Religion, Superstition, and Toleration
Religious topics dominate. Voltaire separates a sparse natural religion, belief in a creator inferred from the order of nature, from revealed religions, which he subjects to textual scrutiny and moral tests. Miracles, prophecies, and scriptural literalism are treated with skepticism; priestcraft and the alliance of altar and throne are indicted for nurturing persecution. Fanaticism is the great public vice: it corrupts conscience, justifies cruelty, and breeds civil discord. Against it, he advocates toleration as both a moral imperative and a political necessity. The dictionary returns repeatedly to notorious miscarriages of justice, such as the Calas affair, to argue that a plural society stabilizes itself when conscience is free and law is impartial.
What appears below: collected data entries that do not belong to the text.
lemma exp_tilted_mean_tanh:
  "exp_tilted_mean lam a b = (a + b) / 2 + (a - b) / 2 * tanh (lam * ((a - b) / 2))"
proof -
  define y where "y = lam * ((a - b) / 2)"
  define m where "m = exp (lam * ((a + b) / 2))"
  have "lam * a = lam * ((a + b) / 2) + y" "lam * b = lam * ((a + b) / 2) + - y"
    by (simp_all add: y_def field_simps)
  then have "exp (lam * a) = m * exp y" "exp (lam * b) = m * exp (- y)"
    unfolding m_def by (metis exp_add)+
  moreover have "0 < m" "0 < exp y + exp (- y)" by (simp_all add: m_def add_pos_pos)
  ultimately have
    "exp_tilted_mean lam a b = (m * (a * exp y + b * exp (- y))) / (m * (exp y + exp (- y)))"
    unfolding exp_tilted_mean_def by (simp add: algebra_simps)
  also have "\<dots> = (a * exp y + b * exp (- y)) / (exp y + exp (- y))"
    using \<open>0 < m\<close> by simp
  also have "\<dots> = (a + b) / 2 + (a - b) / 2 * ((exp y - exp (- y)) / (exp y + exp (- y)))"
    using \<open>0 < exp y + exp (- y)\<close> by (simp add: field_simps)
  finally show ?thesis by (simp add: tanh_altdef y_def)
qed

lemma exp_tilted_mean_strict_mono:
  assumes "0 \<le> lam" "a + b < a' + b'" "0 \<le> a - b" "a - b \<le> a' - b'"
  shows "exp_tilted_mean lam a b < exp_tilted_mean lam a' b'"
proof -
  have "tanh (lam * ((a - b) / 2)) \<le> tanh (lam * ((a' - b') / 2))"
    using assms by (simp add: mult_left_mono)
  then have "(a - b) / 2 * tanh (lam * ((a - b) / 2))
      \<le> (a' - b') / 2 * tanh (lam * ((a' - b') / 2))"
    using assms by (intro mult_mono) auto
  moreover have "(a + b) / 2 < (a' + b') / 2" using assms(2) by simp
  ultimately show ?thesis unfolding exp_tilted_mean_tanh by (rule add_less_le_mono[rotated])
qed

lemma base_p_eq_square_plus:
  assumes "0 < p"
  shows "base_p p x = (1 - 1 / sqrt (real p))^2 + 2 * (1 - x) / sqrt (real p)"
  using assms by (simp add: base_p_def power2_eq_square field_simps)

lemma base_p_pos:
  assumes "1 < p" "x \<le> 1"
  shows "0 < base_p p x"
proof -
  have "1 / sqrt (real p) \<noteq> 1" using assms by simp
  then have "0 < (1 - 1 / sqrt (real p))^2" by simp
  moreover have "0 \<le> 2 * (1 - x) / sqrt (real p)" using assms by simp
  moreover have "0 < p" using assms by simp
  ultimately show ?thesis unfolding base_p_eq_square_plus[OF \<open>0 < p\<close>] by (intro add_pos_nonneg)
qed

lemma base_p_strict_antimono:
  assumes "0 < p" "x < y"
  shows "base_p p y < base_p p x"
  using assms by (simp add: base_p_def divide_strict_right_mono)

lemma base_p_mult_reflect:
  assumes "0 < p"
  shows "base_p p x * base_p p (-x) = (1 + 1 / real p)^2 - 4 * x^2 / real p"
  using assms by (simp add: base_p_def power2_eq_square field_simps)

lemma g_p_strict_mono:
  assumes "1 < p" "x < y" "y \<le> 1"
  shows "g_p p x < g_p p y"
  using base_p_strict_antimono[of p x y] base_p_pos[of p y] assms by (simp add: g_p_def)

lemma g_p_even_part_strict_mono:
  assumes "1 < p" "0 \<le> s" "s < t" "t \<le> 1"
  shows "g_p p s + g_p p (-s) < g_p p t + g_p p (-t)"
proof -
  have sum: "g_p p x + g_p p (-x) = - ln ((1 + 1 / real p)^2 - 4 * x^2 / real p)"
    if "\<bar>x\<bar> \<le> 1" for x
  proof -
    have "0 < base_p p x" "0 < base_p p (-x)" using that assms(1) by (auto intro: base_p_pos)
    then have "g_p p x + g_p p (-x) = - ln (base_p p x * base_p p (-x))"
      by (simp add: g_p_def ln_mult)
    then show ?thesis using assms(1) by (simp add: base_p_mult_reflect)
  qed
  have "s^2 < t^2" using assms by (simp add: power_strict_mono)
  then have "4 * s^2 / real p < 4 * t^2 / real p" using assms by (simp add: divide_strict_right_mono)
  moreover have "0 < (1 + 1 / real p)^2 - 4 * t^2 / real p"
    using base_p_pos[of p t] base_p_pos[of p "-t"] assms by (simp add: base_p_mult_reflect[symmetric])
  ultimately show ?thesis using assms by (simp add: sum)
qed

lemma continuous_on_g_p:
  assumes "1 < p"
  shows "continuous_on {-1..1} (g_p p)"
proof -
  have "\<forall>x\<in>{-1..1}. base_p p x \<noteq> 0" using base_p_pos[OF assms] by force
  then show ?thesis unfolding g_p_def base_p_def using assms by (intro continuous_intros) auto
qed

lemma mu_weight_eq_exp:
  assumes "1 < p" "x \<le> 1"
  shows "mu_weight lam p x = sqrt (1 - x^2) * exp (lam * g_p p x)"
  using base_p_pos[OF assms] by (simp add: mu_weight_def g_p_def powr_def)

lemma continuous_on_mu_weight:
  assumes "1 < p"
  shows "continuous_on {-1..1} (mu_weight lam p)"
proof -
  have "continuous_on {-1..1} (\<lambda>x. sqrt (1 - x^2) * exp (lam * g_p p x))"
    using continuous_on_g_p[OF assms] by (intro continuous_intros)
  then show ?thesis
    by (rule continuous_on_cong[THEN iffD1, rotated 2]) (auto simp: mu_weight_eq_exp[OF assms])
qed

lemma mu_weight_nonneg:
  assumes "\<bar>x\<bar> \<le> 1"
  shows "0 \<le> mu_weight lam p x"
  using assms abs_square_le_1[of x] by (simp add: mu_weight_def)

lemma mu_weight_pos:
  assumes "1 < p" "\<bar>x\<bar> < 1"
  shows "0 < mu_weight lam p x"
proof -
  have "0 < base_p p x" using assms by (intro base_p_pos) auto
  then show ?thesis using assms abs_square_less_1[of x] by (simp add: mu_weight_def)
qed

definition folded_weight :: "real \<Rightarrow> nat \<Rightarrow> real \<Rightarrow> real" where
  "folded_weight lam p s = mu_weight lam p s + mu_weight lam p (-s)"

text \<open>The conditional expectation of \<open>g_p\<close> given \<open>|x| = s\<close> under mu.\<close>

definition cond_mean_g_p :: "real \<Rightarrow> nat \<Rightarrow> real \<Rightarrow> real" where
  "cond_mean_g_p lam p s = exp_tilted_mean lam (g_p p s) (g_p p (-s))"

lemma g_p_mu_weight_fold:
  assumes "1 < p" "\<bar>s\<bar> \<le> 1"
  shows "g_p p s * mu_weight lam p s + g_p p (-s) * mu_weight lam p (-s)
           = cond_mean_g_p lam p s * folded_weight lam p s"
proof -
  have "0 < exp (lam * g_p p s) + exp (lam * g_p p (-s))" by (simp add: add_pos_pos)
  then show ?thesis using assms
    by (simp add: folded_weight_def cond_mean_g_p_def exp_tilted_mean_def mu_weight_eq_exp
        field_simps)
qed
Knowledge, Science, and Limits
The entries praise experimental inquiry and clear reasoning, mock scholastic jargon, and deflate metaphysical grandiosity. Voltaire rejects systems that explain everything, Leibnizian optimism and monads are prime targets, and insists on the modesty of probable knowledge. He favors practical enlightenment: support for smallpox inoculation, admiration for useful arts, and esteem for those who test nature rather than spin abstractions. On the soul, free will, and immortality, he tends toward cautious deism and moral utility, affirming responsibility while doubting the pretensions of dogmatic metaphysics.
Morals, Law, and Society
Moral progress hinges on reducing cruelty. Voltaire attacks torture, religiously motivated penalties, and arbitrary judgments, aligning with contemporary calls for penal reform. War is treated as organized barbarism disguised by rhetoric; conquest spreads misery more often than virtue. He endorses commerce and manners as civilizing forces and defends freedom of thought and the press as safeguards against tyranny. Slavery and colonial violence are condemned with a mix of economic critique and moral outrage, underscoring the hypocrisy of Christian powers that traffic in human beings.
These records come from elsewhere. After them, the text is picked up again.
lemma two_le_card_column:
  assumes "c \<in> {1..n - 1}"
  shows "2 \<le> card {j \<in> K. col_of n j = c}"
proof (rule ccontr)
  define C where "C = {j \<in> K. col_of n j = c}"
  assume "\<not> 2 \<le> card {j \<in> K. col_of n j = c}"
  then consider "card C = 0" | "card C = 1" unfolding C_def by linarith
  then show False
  proof cases
    case 1
    then have "C = {}" using finite_K by (simp add: C_def)
    have col_c: "col_of n c = c" using assms unfolding col_of_def by auto
    obtain q where q: "int N < q" "q \<le> int N + d" "q mod d = int c mod d"
      using mod_eq_in_window_exists[OF d_pos] by metis
    have "\<forall>j\<in>K. int j mod d \<noteq> q mod d"
      using \<open>C = {}\<close> col_of_eq_iff[of _ c] K_bounds assms col_c q(3) unfolding C_def by force
    then have "u N q = free_val q"
      using q by (intro prefprod_eq_free_val) auto
    moreover have "free_val q = q + int n" using q(1,2) by (rule free_val_last_window)
    ultimately show False using prefprod_N two_le_n by simp
  next
    case 2
    then obtain j where C: "C = {j}" by (rule card_1_singletonE)
    then have "j \<in> K" "col_of n j = c" unfolding C_def by blast+
    have only: "\<forall>i\<in>K. col_of n i = col_of n j \<longrightarrow> i = j"
      using C \<open>col_of n j = c\<close> unfolding C_def by blast
    obtain t where j: "j = Suc t" using K_bounds[OF \<open>j \<in> K\<close>] by (cases j) auto
    have "u t (int t + 1) = free_val (int t + 1)"
      using only j by (intro prefprod_first_in_column) auto
    moreover have "u t (int t) = free_val (int t + 1) - int n"
      using only j \<open>j \<in> K\<close> by (intro prefprod_last_in_column) auto
    ultimately show False using prefprod_diag_mod_ne[of t] by simp
  qed
qed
Language, History, and Critique
Many articles operate as miniature lessons in historical method. Voltaire tracks the evolution of words and institutions to show how revered terms, heresy, orthodoxy, miracle, shift with power, not truth. By comparing cultures and epochs, he relativizes local customs and punctures claims to timeless authority. The dictionary’s skeptical philology turns sacred history into a human record, full of contingencies that can be evaluated rather than blindly obeyed.
Style and Legacy
The book’s brilliance lies in its fusion of lucidity and bite. Aphoristic turns, staged dialogues, and cool understatement let ridicule do philosophical work. Its portable format encouraged piecemeal reading and debate, spreading Enlightenment ideals beyond salons to a broader public. The Philosophical Dictionary helped define the Enlightenment’s creed: reason without pedantry, piety without superstition, liberty secured by toleration and law, and a persistent demand that belief answer to evidence and humanity.
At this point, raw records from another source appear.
(* For every $s\in[0,1)$ there exists $C>0$ such that for all $t\ge1$, $\mathbb P_0(Y_t=0)\le C\,t^{-\frac{1-s}{2}}$, where $(Y_t)$ is the Markov chain on $\mathbb N$ with kernel $Q_s$ started at $0$.
   Context: $Q_s$ is the Markov kernel on $\mathbb N=\{0,1,\dots\}$ with $Q_s(0,1)=1$, $Q_s(r,r+1)=\max(\frac12-\frac s{4r},\frac14)$ and $Q_s(r,r-1)=1-Q_s(r,r+1)$ for $r\ge1$. *)

theory Defs
  imports "HOL-Probability.Probability"
begin

definition up_prob :: "real \<Rightarrow> nat \<Rightarrow> real" where
  "up_prob s r = max (1/2 - s / (4 * real r)) (1/4)"

definition Q :: "real \<Rightarrow> nat \<Rightarrow> nat pmf" where
  "Q s r = (if r = 0 then return_pmf 1
            else map_pmf (\<lambda>b. if b then r + 1 else r - 1) (bernoulli_pmf (up_prob s r)))"

definition chain_law :: "real \<Rightarrow> nat \<Rightarrow> nat \<Rightarrow> nat pmf" where
  "chain_law s x t = ((\<lambda>d. bind_pmf d (Q s)) ^^ t) (return_pmf x)"

end

theory Submission
  imports Defs
begin

text \<open>
  Q_s is the reversible birth-death chain with conductances c x on the edges {x, x + 1}, where
  c x \<approx> x^(-s), and weights \<pi> x = c (x - 1) + c x. The density h_t = P_0(Y_t = \<cdot>) / \<pi> evolves by
  the transition operator P, which is self-adjoint in L^2(\<pi>); hence h_2n(0) = \<Parallel>h_n\<Parallel>^2 is
  nonincreasing in n, and (n + 1) h_2n(0) is at most the expected number of visits to 0 before
  time T = 2n + 1. For the scale function g x = \<Sum>k<x. 1 / c k one has P g = g off 0, so that
  number of visits equals E_0 g(Y_T). Now g x \<le> 3 x^(1+s), and E_0 Y_T^2 \<le> T because c decreases;
  splitting x^(1+s) \<le> R^(1+s) + R^(s-1) x^2 at R = \<surd>T bounds it by 6 T^((1+s)/2).
\<close>

lemma one_minus_powr_le:
  fixes x s :: real
  assumes "0 \<le> x" "x < 1" "0 \<le> s" "s \<le> 1"
  shows "(1 - x) powr s \<le> 1 - s * x"
  using Youngs_inequality_0[of s "1 - s" "1 - x" 1] assms by (simp add: algebra_simps)

lemma ratio_le_powr:
  fixes a s :: real
  assumes "a > 0" "0 \<le> s" "s \<le> 1"
  shows "(a + 1) / (a + 1 - s) \<le> ((a + 1) / a) powr s"
proof -
  have "(a / (a + 1)) powr s = (1 - 1 / (a + 1)) powr s"
    using assms by (simp add: field_simps)
  also have "\<dots> \<le> 1 - s * (1 / (a + 1))"
    using assms by (intro one_minus_powr_le) auto
  also have "\<dots> = (a + 1 - s) / (a + 1)"
    using assms by (simp add: field_simps)
  finally have "(a / (a + 1)) powr s \<le> (a + 1 - s) / (a + 1)" .
  then have "1 / ((a + 1 - s) / (a + 1)) \<le> 1 / (a / (a + 1)) powr s"
    using assms by (intro divide_left_mono) auto
  then show ?thesis
    using assms by (simp add: powr_divide)
qed

lemma powr_le_add_square:
  fixes R x p :: real
  assumes "R > 0" "x \<ge> 0" "0 \<le> p" "p \<le> 2"
  shows "x powr p \<le> R powr p + R powr (p - 2) * x\<^sup>2"
proof (cases "x \<le> R")
  case True
  then have "x powr p \<le> R powr p" using assms by (intro powr_mono2) auto
  then show ?thesis by (simp add: add_increasing2)
next
  case False
  then have "x > 0" using assms by simp
  then have "x powr p = x\<^sup>2 * x powr (p - 2)"
    using powr_add[of x 2 "p - 2"] by simp
  also have "\<dots> \<le> x\<^sup>2 * R powr (p - 2)"
    using False assms by (intro mult_left_mono powr_mono2') auto
  finally show ?thesis by (simp add: add_increasing mult.commute)
qed

locale birth_death =
  fixes c :: "nat \<Rightarrow> real"
  assumes conductance_pos: "c n > 0"
begin

definition cdown :: "nat \<Rightarrow> real" where
  "cdown y = (if y = 0 then 0 else c (y - 1))"

definition weight :: "nat \<Rightarrow> real" where
  "weight y = cdown y + c y"

definition transition :: "(nat \<Rightarrow> real) \<Rightarrow> nat \<Rightarrow> real" where
  "transition \<phi> x = (c x * \<phi> (x + 1) + cdown x * \<phi> (x - 1)) / weight x"

text \<open>\<open>heat_kernel t y = P\<^sub>0(Y\<^sub>t = y) / weight y\<close> (cf. \<open>pmf_chain_law\<close>); by reversibility the
  forward equation for the law becomes the backward equation for this density.\<close>
fun heat_kernel :: "nat \<Rightarrow> nat \<Rightarrow> real" where
  "heat_kernel 0 = (\<lambda>y. if y = 0 then 1 / weight 0 else 0)"
| "heat_kernel (Suc t) = transition (heat_kernel t)"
Voltaire's Philosophical Dictionary (1764) is a compact, alphabetically arranged series of essays that distills his mature Enlightenment outlook into sharp, provocative entries. Published anonymously and quickly banned, it circulated widely and was repeatedly expanded. The work champions reason, historical criticism, and humane reform while lampooning superstition and fanaticism across confessions. Its portability and wit made complex debates accessible to a broad readership and turned the dictionary form into a weapon for cultural change.
Form and Method
Eschewing systematic treatises, Voltaire advances ideas through brief articles that mix anecdote, philology, satire, and moral reflection. The alphabetical format masks a coherent method: compare sources, prefer observation to authority, and expose contradictions by juxtaposing doctrines with their historical effects. He draws on Locke's empiricism and Newtonian science while keeping a stylus dipped in irony; the tone is urbane but edged, designed to puncture pretension rather than build a closed system.
Religion, Superstition, and Toleration
Religious topics dominate. Voltaire separates a sparse natural religion, belief in a creator inferred from the order of nature, from revealed religions, which he subjects to textual scrutiny and moral tests. Miracles, prophecies, and scriptural literalism are treated with skepticism; priestcraft and the alliance of altar and throne are indicted for nurturing persecution. Fanaticism is the great public vice: it corrupts conscience, justifies cruelty, and breeds civil discord. Against it, he advocates toleration as both a moral imperative and a political necessity. The dictionary returns repeatedly to notorious miscarriages of justice, such as the Calas affair, to argue that a plural society stabilizes itself when conscience is free and law is impartial.
Knowledge, Science, and Limits
The entries praise experimental inquiry and clear reasoning, mock scholastic jargon, and deflate metaphysical grandiosity. Voltaire rejects systems that explain everything, Leibnizian optimism and monads are prime targets, and insists on the modesty of probable knowledge. He favors practical enlightenment: support for smallpox inoculation, admiration for useful arts, and esteem for those who test nature rather than spin abstractions. On the soul, free will, and immortality, he tends toward cautious deism and moral utility, affirming responsibility while doubting the pretensions of dogmatic metaphysics.
Morals, Law, and Society
Moral progress hinges on reducing cruelty. Voltaire attacks torture, religiously motivated penalties, and arbitrary judgments, aligning with contemporary calls for penal reform. War is treated as organized barbarism disguised by rhetoric; conquest spreads misery more often than virtue. He endorses commerce and manners as civilizing forces and defends freedom of thought and the press as safeguards against tyranny. Slavery and colonial violence are condemned with a mix of economic critique and moral outrage, underscoring the hypocrisy of Christian powers that traffic in human beings.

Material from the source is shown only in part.